# Create Recommendation Report for a Metadata Collection
### Notebook Goals
* Evaluate metadata for concepts and xpaths
* Create data about the collection's concepts and xpaths
* Create collection reports on data in Excel and Google Sheets


In [1]:
# directory creation
import os
# manipulating table data
import pandas as pd
# create a dropdown
from ipywidgets import *
# display widget
from IPython.display import display

# upload records for evaluation, analyze and create reports
import MDeval as md
%load_ext watermark

In [2]:
%watermark -iv

pandas      0.22.0



## Describe the metadata. 
* What organization created the records? (Organization)
* What collection are the records from? (Collection)
* What dialect are the records written in? (Dialect)
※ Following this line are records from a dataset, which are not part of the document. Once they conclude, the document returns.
lemma expectation_BH_ratio:
  assumes \<alpha>: "0 < \<alpha>" and tstar: "0 < tstar" "tstar \<le> \<alpha>"
    and cdf: "\<And>t. t \<in> {0..tstar} \<Longrightarrow> prob {\<omega> \<in> space M. \<xi> 1 \<omega> \<le> t} = \<gamma> * t"
  shows "integral\<^sup>L M (\<lambda>\<omega>. real (BH_V n0 n \<alpha> (\<lambda>i. \<xi> i \<omega>))
              / real (max (BH_R n \<alpha> (\<lambda>i. \<xi> i \<omega>)) 1)
              * indicator {\<omega> \<in> space M. A_event n \<alpha> tstar (\<lambda>i. \<xi> i \<omega>)} \<omega>)
         = real n0 / real n * \<gamma> * \<alpha> *
           prob {\<omega> \<in> space M. D1 n \<alpha> (Max {i::nat. real i * \<alpha> / real n \<le> tstar}) (\<lambda>i. \<xi> i \<omega>)}"
proof -
  have n: "0 < n" using n0 by simp
  define r where "r = Max {i::nat. real i * \<alpha> / real n \<le> tstar}"
  have r: "crit \<alpha> n r \<le> tstar" and r_max: "\<And>k. r < k \<Longrightarrow> tstar < crit \<alpha> n k"
    using Max_crit_le[OF \<alpha> n _ tstar(2)] tstar(1) unfolding r_def by simp_all
  define EV where "EV i k = {\<omega>\<in>space M. \<xi> i \<omega> \<le> crit \<alpha> n k \<and> D1_step n \<alpha> k (\<lambda>j. \<xi> (swap1 i j) \<omega>)}" for i k
  define P where "P k = prob {\<omega>\<in>space M. D1 n \<alpha> k (\<lambda>j. \<xi> j \<omega>)}" for k
  have prob_EV: "prob (EV i k) = real k * (\<gamma> * \<alpha> / real n * (P k - P (k - 1)))"
    if i: "i \<in> {1..n0}" and k: "k \<in> {1..r}" for i k
  proof -
    have "crit \<alpha> n k \<le> crit \<alpha> n r" using k by (intro crit_mono \<alpha>) simp
    then have "crit \<alpha> n k \<in> {0..tstar}" using \<alpha> r by (simp add: crit_def)
    then show ?thesis
      using prob_D1_step_swap1(2)[OF i, of k "crit \<alpha> n k" \<alpha>] k cdf
      by (simp add: EV_def P_def crit_def)
  qed
  have "integral\<^sup>L M (\<lambda>\<omega>. real (BH_V n0 n \<alpha> (\<lambda>i. \<xi> i \<omega>)) / real (max (BH_R n \<alpha> (\<lambda>i. \<xi> i \<omega>)) 1)
              * indicator {\<omega> \<in> space M. A_event n \<alpha> tstar (\<lambda>i. \<xi> i \<omega>)} \<omega>)
      = integral\<^sup>L M (\<lambda>\<omega>. \<Sum>i\<in>{1..n0}. \<Sum>k\<in>{1..r}. 1 / real k * indicator (EV i k) \<omega>)"
  proof (rule Bochner_Integration.integral_cong[OF refl])
    fix \<omega> assume "\<omega> \<in> space M"
    then show "real (BH_V n0 n \<alpha> (\<lambda>i. \<xi> i \<omega>)) / real (max (BH_R n \<alpha> (\<lambda>i. \<xi> i \<omega>)) 1)
              * indicator {\<omega> \<in> space M. A_event n \<alpha> tstar (\<lambda>i. \<xi> i \<omega>)} \<omega>
        = (\<Sum>i\<in>{1..n0}. \<Sum>k\<in>{1..r}. 1 / real k * indicator (EV i k) \<omega>)"
      using BH_ratio_eq_sum_D1_step[OF \<alpha> n n0(2) r r_max, of "\<lambda>i. \<xi> i \<omega>"]
      by (simp add: indicator_def EV_def of_bool_def)
  qed
  also have "\<dots> = (\<Sum>i\<in>{1..n0}. \<Sum>k\<in>{1..r}. 1 / real k * prob (EV i k))"
    using prob_D1_step_swap1(1) by (intro integral_sum_sum_indicator) (auto simp: EV_def)
  also have "\<dots> = (\<Sum>i\<in>{1..n0}. \<gamma> * \<alpha> / real n * (\<Sum>k\<in>{1..r}. P k - P (k - 1)))"
    by (simp add: prob_EV sum_distrib_left)
  also have "(\<Sum>k\<in>{1..r}. P k - P (k - 1)) = P r"
    using sum_telescope''[of 0 r P] by (simp add: P_def D1_def)
  finally show ?thesis by (simp add: P_def r_def)
qed

end

theorem lemma2p3:
  fixes M :: "'a measure" and \<xi> :: "nat \<Rightarrow> 'a \<Rightarrow> real"
    and \<alpha> \<gamma> tstar :: real and n0 n :: nat
  assumes "prob_space M"
    and "0 < \<alpha>" "\<alpha> < 1"
    and "0 \<le> \<gamma>" "\<gamma> \<le> 1 / \<alpha>"
    and "1 \<le> n0" "n0 \<le> n"
    and "0 < tstar" "tstar \<le> \<alpha>"
    and meas: "\<And>i. i \<in> {1..n} \<Longrightarrow> \<xi> i \<in> borel_measurable M"
    and range01: "\<And>i \<omega>. i \<in> {1..n} \<Longrightarrow> \<omega> \<in> space M \<Longrightarrow> \<xi> i \<omega> \<in> {0..1}"
    and indep: "prob_space.indep_vars M (\<lambda>_. borel) \<xi> {1..n0}"
    and ident: "\<And>i. i \<in> {1..n0} \<Longrightarrow> distr M borel (\<xi> i) = distr M borel (\<xi> 1)"
    and cdf: "\<And>t. t \<in> {0..tstar} \<Longrightarrow> measure M {\<omega> \<in> space M. \<xi> 1 \<omega> \<le> t} = \<gamma> * t"
    and indep_blocks: "prob_space.indep_var M
        (Pi\<^sub>M {1..n0} (\<lambda>_. borel)) (\<lambda>\<omega>. restrict (\<lambda>i. \<xi> i \<omega>) {1..n0})
        (Pi\<^sub>M {n0<..n} (\<lambda>_. borel)) (\<lambda>\<omega>. restrict (\<lambda>i. \<xi> i \<omega>) {n0<..n})"
  shows "integral\<^sup>L M (\<lambda>\<omega>. real (BH_V n0 n \<alpha> (\<lambda>i. \<xi> i \<omega>))
              / real (max (BH_R n \<alpha> (\<lambda>i. \<xi> i \<omega>)) 1)
              * indicator {\<omega> \<in> space M. A_event n \<alpha> tstar (\<lambda>i. \<xi> i \<omega>)} \<omega>)
         = real n0 / real n * \<gamma> * \<alpha> *
           measure M {\<omega> \<in> space M.
             D1 n \<alpha> (Max {i::nat. real i * \<alpha> / real n \<le> tstar}) (\<lambda>i. \<xi> i \<omega>)}"
proof -
  interpret iid_block M \<xi> n0 n
    by (rule iid_block.intro[OF assms(1) iid_block_axioms.intro[OF assms(6,7) meas indep ident indep_blocks]])
  show ?thesis
    by (rule expectation_BH_ratio[OF assms(2,8,9) cdf])
qed

end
First we need to set some variables that identify where the metadata is and create a place for the resulting analysis and reports. We'll step through the process with  

In [3]:
# variables for function arguments, fill these out
Organization = 'LTER'
Collection = 'MILES'
Dialect = 'EML'

# variable created from other variables, defining where to put the metadata
MetadataLocation = './metadata/' + Organization + '/' + Collection
# create directories
os.makedirs('./data/' + Organization, exist_ok=True)
os.makedirs('./reports/' + Organization, exist_ok=True)

#### Evaluate metadata for element content and concept content 
* Upload metadata to Metadata Evaluation Web Service
* Read returned element content of records into a dataframe
* Read returned concept content of records into a dataframe

In [4]:
md.XMLeval(MetadataLocation, Organization, Collection, Dialect)

Metadata evaluated. Results in the "./data/LTER" directory.


#### Convert the conceptual CSV response of XMLeval into a dataframe. 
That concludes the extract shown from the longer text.